■ **What is expected**
Return, character for character, the lines from the one bearing "unfolding s_c'_relation_def" through the end of the material. Omit everything before that line.

╭──

lemma d'_s_zero: "d'_s_relation d'_arr"
  unfolding d'_s_relation_def
  apply (rule cancel_t_right[OF k_zero_nonneg, where X="[]" and Y="[U]"], simp_all)
  apply (rule cancel_t_right[OF k_zero_nonneg, where X="[U]" and Y="[]"], simp_all)
  apply (rule chain_rewrite[OF s_t_t, where i=1], simp_all)
  apply (rule chain_expand[OF d'_arr_zero, where i=0], simp_all)
  apply (rule chain_rewrite[OF tau_t_nonpos[OF k_zero_nonpos], where i=1], simp_all)
  apply (rule chain_rewrite[OF cap_t, where i=0], simp_all)
  apply (rule chain_rewrite[OF s_s_chain, where i=1], simp_all)
  apply (rule sym)
  apply (rule chain_rewrite[OF tau_t_nonpos[OF k_zero_nonpos], where i=1], simp_all)
  apply (rule chain_expand[OF d'_arr_zero, where i=0], simp_all)
  apply (rule chain_rewrite[OF tau_t_nonpos[OF k_zero_nonpos], where i=1], simp_all)
  done

lemma s_c'_zero: "s_c'_relation c'_arr"
  unfolding s_c'_relation_def
  apply (rule cancel_t_left[OF k_zero_nonpos, where X="[U]" and Y="[]"], simp_all)
  apply (rule cancel_t_left[OF k_zero_nonpos, where X="[]" and Y="[U]"], simp_all)
  apply (rule chain_rewrite[OF s_t_t[symmetric], where i=0], simp_all)
  apply (rule chain_expand[OF c'_arr_zero, where i=3], simp_all)
  apply (rule chain_rewrite[OF t_tau_nonneg[OF k_zero_nonneg], where i=2], simp_all)
  apply (rule chain_rewrite[OF t_cup, where i=1], simp_all)
  apply (rule chain_rewrite[OF s_s_chain, where i=0], simp_all)
  apply (rule sym)
  apply (rule chain_rewrite[OF t_tau_nonneg[OF k_zero_nonneg], where i=1], simp_all)
  apply (rule chain_expand[OF c'_arr_zero, where i=1], simp_all)
  apply (rule chain_rewrite[OF t_tau_nonneg[OF k_zero_nonneg], where i=0], simp_all)
  done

╰──

■ **Reply**
  unfolding s_c'_relation_def
  apply (rule cancel_t_left[OF k_zero_nonpos, where X="[U]" and Y="[]"], simp_all)
  apply (rule cancel_t_left[OF k_zero_nonpos, where X="[]" and Y="[U]"], simp_all)
  apply (rule chain_rewrite[OF s_t_t[symmetric], where i=0], simp_all)
  apply (rule chain_expand[OF c'_arr_zero, where i=3], simp_all)
  apply (rule chain_rewrite[OF t_tau_nonneg[OF k_zero_nonneg], where i=2], simp_all)
  apply (rule chain_rewrite[OF t_cup, where i=1], simp_all)
  apply (rule chain_rewrite[OF s_s_chain, where i=0], simp_all)
  apply (rule sym)
  apply (rule chain_rewrite[OF t_tau_nonneg[OF k_zero_nonneg], where i=1], simp_all)
  apply (rule chain_expand[OF c'_arr_zero, where i=1], simp_all)
  apply (rule chain_rewrite[OF t_tau_nonneg[OF k_zero_nonneg], where i=0], simp_all)
  done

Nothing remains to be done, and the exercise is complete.